UC-IEG-VII
From EGI Knowledge Base
Use Case title: UltraSound Computing Tomography
Short description: Ultrasound Computer Tomography is a new method of medical imaging based on the reconstruction by numerical techniques of an image, using as input the data measured by a scanner of Ultra Sounds which surrounds the object of interest.
In the basic setup every point (transducer) of a cylindrical scanner emits a pulse with a circular wave front, while all others receive the scattered signal. When the process is repeated for all transducers, it is possible to reconstruct the object that has produced the scattering patterns recorded by all transducers along the process.
The researchers from the Forschungszentrum Karlsruhe are investigating the application of this technique to early detection of breast cancer. This means detection of tumours as small as possible, and with the most precise spatial location possible. For this we need sub millimetre resolution in three dimensions. Conventional reconstructions techniques are slow and in practice suppress its usage on a large scale in Hospitals.
Actors involved:
Requirements
The computational cost of image reconstruction is very high. In a typical situation we face an amount of data of about 20GB. The reconstruction of the full data set would take in a single workstation about 180 years. This would imply sub millimetre resolution, for the whole volume.
However such resolution is rarely needed, and in Hospital cases one restricts de volume of study and also the areas of high resolution to be more limited. In a normal use case we would be talking about reconstruction times of about 30 days in a single workstation. Evidently this is too much time, and our goal is to reduce this time to something acceptable profiting from Grid technologies.
The bottleneck in this application is data transmission. If we split the calculation in a number N of jobs, we have to submit the 20GB of data along with every job. This strategy has the advantage that the calculation of every job can be restricted to a subset of the image, and the output of the individual jobs is smaller. It has however the drawback of having to send at submission time N times 20GB of data.

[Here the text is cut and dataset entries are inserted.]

(* Let $N\ge2$ and let $\lambda_{\max}^N$ be the largest eigenvalue of an $N\times N$ random matrix from the GOE or from the GUE. Then $\lambda_{\max}^N$ is not infinitely divisible.
   Context: The GOE (resp. GUE) is the ensemble of $N\times N$ real symmetric (resp. complex Hermitian) random matrices $H$ whose independent entries (modulo symmetry) are centered Gaussian, with density proportional to $\exp(-\tfrac{\beta}{4}\mathrm{tr}H^2)$, $\beta=1$ (resp. $\beta=2$); the ordered eigenvalues $\lambda_1\le\dots\le\lambda_N$ have joint density proportional to $\prod_{i<j}|\lambda_i-\lambda_j|^\beta\exp(-\tfrac\beta4\sum_i\lambda_i^2)$. A random variable $X$ is infinitely divisible if for each $n\ge1$ there are i.i.d. $X_1,\dots,X_n$ with $X_1+\cdots+X_n$ equal in distribution to $X$. *)

theory Defs
  imports "HOL-Probability.Probability"
begin

text \<open>Unnormalised joint density of the (unordered) eigenvalues of an N x N matrix
  from the Gaussian beta-ensemble (beta = 1: GOE, beta = 2: GUE), on R^N represented
  as functions {..<N} -> real.\<close>
definition ge_weight :: "nat \<Rightarrow> nat \<Rightarrow> (nat \<Rightarrow> real) \<Rightarrow> real" where
  "ge_weight \<beta> N x =
     (\<Prod>i<N. \<Prod>j\<in>{i<..<N}. \<bar>x i - x j\<bar> ^ \<beta>) * exp (- (real \<beta> / 4) * (\<Sum>i<N. (x i)\<^sup>2))"

definition ge_eigen_law :: "nat \<Rightarrow> nat \<Rightarrow> (nat \<Rightarrow> real) measure" where
  "ge_eigen_law \<beta> N =
     (let M = PiM {..<N} (\<lambda>_. lborel);
          Z = (\<integral>\<^sup>+ x. ennreal (ge_weight \<beta> N x) \<partial>M)
      in density M (\<lambda>x. ennreal (ge_weight \<beta> N x) / Z))"

definition lambda_max_law :: "nat \<Rightarrow> nat \<Rightarrow> real measure" where
  "lambda_max_law \<beta> N = distr (ge_eigen_law \<beta> N) borel (\<lambda>x. Max (x ` {..<N}))"

fun conv_pow :: "real measure \<Rightarrow> nat \<Rightarrow> real measure" where
  "conv_pow \<nu> 0 = return borel 0"
| "conv_pow \<nu> (Suc n) = convolution \<nu> (conv_pow \<nu> n)"

definition infinitely_divisible :: "real measure \<Rightarrow> bool" where
  "infinitely_divisible \<mu> \<longleftrightarrow>
     (\<forall>n\<ge>1. \<exists>\<nu>. prob_space \<nu> \<and> sets \<nu> = sets borel \<and> conv_pow \<nu> n = \<mu>)"

end

theory Submission
  imports Defs "HOL-Real_Asymp.Real_Asymp"
begin

text \<open>
  The fourth difference of \<open>t \<mapsto> exp (t x)\<close> with step \<open>h\<close> is \<open>exp (s x) (exp (h x) - 1)\<^sup>4 \<ge> 0\<close>,
  so every moment generating function has nonnegative fourth differences. If \<open>\<mu>\<close> is infinitely
  divisible with moment generating function \<open>F\<close>, then \<open>F powr (1 / n)\<close> is the moment generating function of
  an \<open>n\<close>-th convolution root, and \<open>ln F = lim n (F powr (1 / n) - 1)\<close> inherits the nonnegativity.

  For the largest eigenvalue, \<open>ln F t = t\<^sup>2 / \<beta> + O(t)\<close> as \<open>t \<rightarrow> \<infinity>\<close>: a single eigenvalue has to
  move. But the largest eigenvalue dominates the mean of the eigenvalues, so making it very negative forces all
  \<open>N\<close> of them down, and \<open>ln F (-u) \<le> u\<^sup>2 / (N \<beta>) + O(u)\<close>. The fourth difference of \<open>ln F\<close> at
  \<open>-h, 0, h, 2h, 3h\<close> is then at most \<open>(1 / N - 1) h\<^sup>2 / \<beta> + O(h)\<close>, negative for large \<open>h\<close>.
\<close>

section \<open>Fourth differences\<close>

definition fourth_difference :: "(real \<Rightarrow> real) \<Rightarrow> real \<Rightarrow> real \<Rightarrow> real" where
  "fourth_difference f s h = f s - 4 * f (s + h) + 6 * f (s + 2*h) - 4 * f (s + 3*h) + f (s + 4*h)"

lemma fourth_difference_affine:
  "fourth_difference (\<lambda>t. a * (f t - c)) s h = a * fourth_difference f s h"
  by (simp add: fourth_difference_def algebra_simps)

lemma tendsto_fourth_difference:
  assumes "\<And>t. ((\<lambda>n. g n t) \<longlongrightarrow> f t) F"
  shows "((\<lambda>n. fourth_difference (g n) s h) \<longlongrightarrow> fourth_difference f s h) F"
  unfolding fourth_difference_def by (intro tendsto_intros assms)

lemma fourth_difference_exp_nonneg: "0 \<le> fourth_difference (\<lambda>t. exp (t * x)) s h"
proof -
  define a u where "a = exp (s * x)" and "u = exp (h * x)"
  have e: "exp ((s + real k * h) * x) = a * u ^ k" for k :: nat
    by (simp add: a_def u_def distrib_right exp_add exp_of_nat_mult[symmetric] mult.assoc)
  have "fourth_difference (\<lambda>t. exp (t * x)) s h = a * (u - 1) ^ 4"
    using e[of 0] e[of 1] e[of 2] e[of 3] e[of 4] unfolding fourth_difference_def
    by (simp add: power4_eq_xxxx power3_eq_cube power2_eq_square algebra_simps)
  then show ?thesis by (simp add: a_def)
qed

lemma integral_exp_fourth_difference_nonneg:
  assumes "\<And>t. integrable M (\<lambda>x. exp (t * x))"
  shows "0 \<le> fourth_difference (\<lambda>t. \<integral>x. exp (t * x) \<partial>M) s h"
proof -
  have "fourth_difference (\<lambda>t. \<integral>x. exp (t * x) \<partial>M) s h
      = (\<integral>x. fourth_difference (\<lambda>t. exp (t * x)) s h \<partial>M)"
    by (simp add: fourth_difference_def assms)
  also have "\<dots> \<ge> 0" by (intro integral_nonneg_AE AE_I2 fourth_difference_exp_nonneg)
  finally show ?thesis .
qed

lemma fourth_difference_negative_of_growth:
  fixes f :: "real \<Rightarrow> real"
  assumes "b' < b"
    and lower: "\<And>t. 0 \<le> t \<Longrightarrow> b * t\<^sup>2 - C\<^sub>0 \<le> f t"
    and upper: "\<And>t. 0 \<le> t \<Longrightarrow> f t \<le> b * t\<^sup>2 + B\<^sub>1 * t + C\<^sub>1"
    and upper_left: "\<And>u. 0 \<le> u \<Longrightarrow> f (-u) \<le> b' * u\<^sup>2 + B\<^sub>2 * u + C\<^sub>2"
  obtains h where "fourth_difference f (-h) h < 0"
proof -
  define a where "a = b' - b"
  have "a < 0" using assms(1) by (simp add: a_def)
  then have "eventually (\<lambda>h. a * h\<^sup>2 + (B\<^sub>2 + 9 * B\<^sub>1) * h + (C\<^sub>2 + 8 * C\<^sub>0 + 7 * C\<^sub>1) < 0) at_top"
    by real_asymp
  then obtain h where h: "0 \<le> h" "a * h\<^sup>2 + (B\<^sub>2 + 9 * B\<^sub>1) * h + (C\<^sub>2 + 8 * C\<^sub>0 + 7 * C\<^sub>1) < 0"
    using eventually_happens[OF eventually_conj[OF eventually_ge_at_top[of 0]]] by auto
  have "fourth_difference f (-h) h = f (-h) - 4 * f 0 + 6 * f h - 4 * f (2*h) + f (3*h)"
    by (simp add: fourth_difference_def)
  also have "\<dots> \<le> a * h\<^sup>2 + (B\<^sub>2 + 9 * B\<^sub>1) * h + (C\<^sub>2 + 8 * C\<^sub>0 + 7 * C\<^sub>1)"
    using upper_left[of h] lower[of 0] upper[of h] lower[of "2*h"] upper[of "3*h"] h(1)
    by (simp add: a_def power_mult_distrib algebra_simps)
  finally show ?thesis using h(2) by (intro that[of h]) linarith
qed

section \<open>Infinitely divisible laws\<close>

lemma sets_conv_pow [measurable_cong]: "sets (conv_pow \<nu> n) = sets borel"
  by (cases n) (simp_all add: convolution_def)

lemma prob_space_conv_pow:
  assumes "prob_space \<nu>" "sets \<nu> = sets borel"
  shows "prob_space (conv_pow \<nu> n)"
proof (induction n)
  case 0
  show ?case by (simp add: prob_space_return)
next
  case (Suc n)
  interpret pair_prob_space \<nu> "conv_pow \<nu> n"
    using assms(1) Suc by (simp add: pair_prob_space_def pair_sigma_finite_def prob_space_imp_sigma_finite)
  have "(\<lambda>(x, y). x + y) \<in> borel_measurable (\<nu> \<Otimes>\<^sub>M conv_pow \<nu> n)"
    unfolding measurable_cong_sets[OF sets_pair_measure_cong[OF assms(2) sets_conv_pow] refl] by measurable
  then show ?case by (simp add: convolution_def P.prob_space_distr)
qed

lemma nn_integral_exp_conv_pow:
  assumes "prob_space \<nu>" "sets \<nu> = sets borel"
  shows "(\<integral>\<^sup>+x. exp (t * x) \<partial>conv_pow \<nu> n) = (\<integral>\<^sup>+x. exp (t * x) \<partial>\<nu>) ^ n"
proof (induction n)
  case 0
  show ?case by (simp add: nn_integral_return)
next
  case (Suc n)
  have "(\<integral>\<^sup>+x. exp (t * x) \<partial>conv_pow \<nu> (Suc n))
      = (\<integral>\<^sup>+x. \<integral>\<^sup>+y. exp (t * x) * ennreal (exp (t * y)) \<partial>conv_pow \<nu> n \<partial>\<nu>)"
    using assms prob_space_conv_pow[OF assms] unfolding conv_pow.simps(2)
    by (subst nn_integral_convolution)
       (simp_all add: prob_space.finite_measure sets_conv_pow distrib_left exp_add ennreal_mult)
  also have "\<dots> = (\<integral>\<^sup>+x. exp (t * x) * (\<integral>\<^sup>+y. exp (t * y) \<partial>conv_pow \<nu> n) \<partial>\<nu>)"
    by (simp add: nn_integral_cmult measurable_cong_sets[OF sets_conv_pow refl])
  also have "\<dots> = (\<integral>\<^sup>+x. exp (t * x) \<partial>\<nu>) ^ Suc n"
    by (simp add: Suc nn_integral_multc measurable_cong_sets[OF assms(2) refl])
  finally show ?case .
qed

lemma enn2real_power: "enn2real (x ^ n) = enn2real x ^ n"
  by (induction n) (simp_all add: enn2real_mult)

lemma integral_exp_conv_pow:
  assumes "prob_space \<nu>" "sets \<nu> = sets borel"
  shows "(\<integral>x. exp (t * x) \<partial>conv_pow \<nu> n) = (\<integral>x. exp (t * x) \<partial>\<nu>) ^ n"
  by (simp add: integral_eq_nn_integral nn_integral_exp_conv_pow[OF assms] enn2real_power
      measurable_cong_sets[OF sets_conv_pow refl] measurable_cong_sets[OF assms(2) refl])

lemma integrable_exp_conv_pow_root:
  assumes "prob_space \<nu>" "sets \<nu> = sets borel" "0 < n"
    and "integrable (conv_pow \<nu> n) (\<lambda>x. exp (t * x))"
  shows "integrable \<nu> (\<lambda>x. exp (t * x))"
proof (rule integrableI_nonneg)
  have "(\<integral>\<^sup>+x. exp (t * x) \<partial>\<nu>) ^ n < \<infinity>"
    using integrableD(2)[OF assms(4)] by (simp add: nn_integral_exp_conv_pow[OF assms(1,2)] less_top)
  then show "(\<integral>\<^sup>+x. exp (t * x) \<partial>\<nu>) < \<infinity>"
    using assms(3) by (simp add: power_less_top_ennreal)
qed (simp_all add: measurable_cong_sets[OF assms(2) refl])

lemma integral_exp_pos:
  fixes M :: "real measure"
  assumes "prob_space M" "integrable M (\<lambda>x. exp (t * x))"
  shows "0 < (\<integral>x. exp (t * x) \<partial>M)"
proof -
  have "(\<integral>x. exp (t * x) \<partial>M) \<noteq> 0"
    using assms by (simp add: integral_nonneg_eq_0_iff_AE prob_space.AE_False)
  then show ?thesis by (simp add: order_less_le)
qed

lemma infinitely_divisibleE:
  assumes "infinitely_divisible \<mu>" "1 \<le> n"
  obtains \<nu> where "prob_space \<nu>" "sets \<nu> = sets borel" "conv_pow \<nu> n = \<mu>"
  using assms unfolding infinitely_divisible_def by blast

lemma infinitely_divisible_prob_space:
  assumes "infinitely_divisible \<mu>"
  shows "prob_space \<mu>"
proof -
  obtain \<nu> where "prob_space \<nu>" "sets \<nu> = sets borel" "conv_pow \<nu> 1 = \<mu>"
    using infinitely_divisibleE[OF assms, of 1] by auto
  then show ?thesis using prob_space_conv_pow by metis
qed

lemma infinitely_divisible_root_mgf_fourth_difference_nonneg:
  assumes "infinitely_divisible \<mu>" "1 \<le> n" and "\<And>t. integrable \<mu> (\<lambda>x. exp (t * x))"
  shows "0 \<le> fourth_difference (\<lambda>t. (\<integral>x. exp (t * x) \<partial>\<mu>) powr (1 / real n)) s h"
proof -
  obtain \<nu> where \<nu>: "prob_space \<nu>" "sets \<nu> = sets borel" and \<mu>: "conv_pow \<nu> n = \<mu>"
    using infinitely_divisibleE[OF assms(1,2)] by blast
  have int: "integrable \<nu> (\<lambda>x. exp (t * x))" for t
    using integrable_exp_conv_pow_root[OF \<nu> _ assms(3)[of t, folded \<mu>]] assms(2) by simp
  have "(\<integral>x. exp (t * x) \<partial>\<mu>) powr (1 / real n) = (\<integral>x. exp (t * x) \<partial>\<nu>)" for t
  proof -
    have pos: "0 < (\<integral>x. exp (t * x) \<partial>\<nu>)"
      using integral_exp_pos[OF \<nu>(1) int] .
    then have "(\<integral>x. exp (t * x) \<partial>\<mu>) = (\<integral>x. exp (t * x) \<partial>\<nu>) powr real n"
      by (simp add: \<mu>[symmetric] integral_exp_conv_pow[OF \<nu>] powr_realpow)
    then show ?thesis using pos assms(2) by (simp add: powr_powr)
  qed
  then show ?thesis using integral_exp_fourth_difference_nonneg[OF int] by simp
qed

lemma tendsto_real_mult_root_minus_one:
  fixes p :: real assumes "0 < p"
  shows "(\<lambda>n. real n * (p powr (1 / real n) - 1)) \<longlonglongrightarrow> ln p"
  using assms by real_asymp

Data are submitted as a tar ball containing 3.5 Million input files, which is locally unpacked into many files and many directories. This will put stress in the filesystems on the local clusters. Accessing a lot of small files will probably put stress on the local network because NFS or even parallel distributed filesystems are very sensitive to accessing many small files.
Besides filesystem issues, we should consider to use always SMP machines for this application with at least 2 physical processors per motherboard. The situation is that the linux kernel, by construction, uses one of the CPU for data access and the other for floating point calculation.
Besides computing requirements, there are other user requirements. One is trying to hide as much as possible the complexity of using a Grid infrastructure, in terms of Grid certificates, submission of large amount of jobs, etc… Efforts have to be put into a reliable strategy to upgrade software versions on the repositories, and of course, into fault tolerance issues.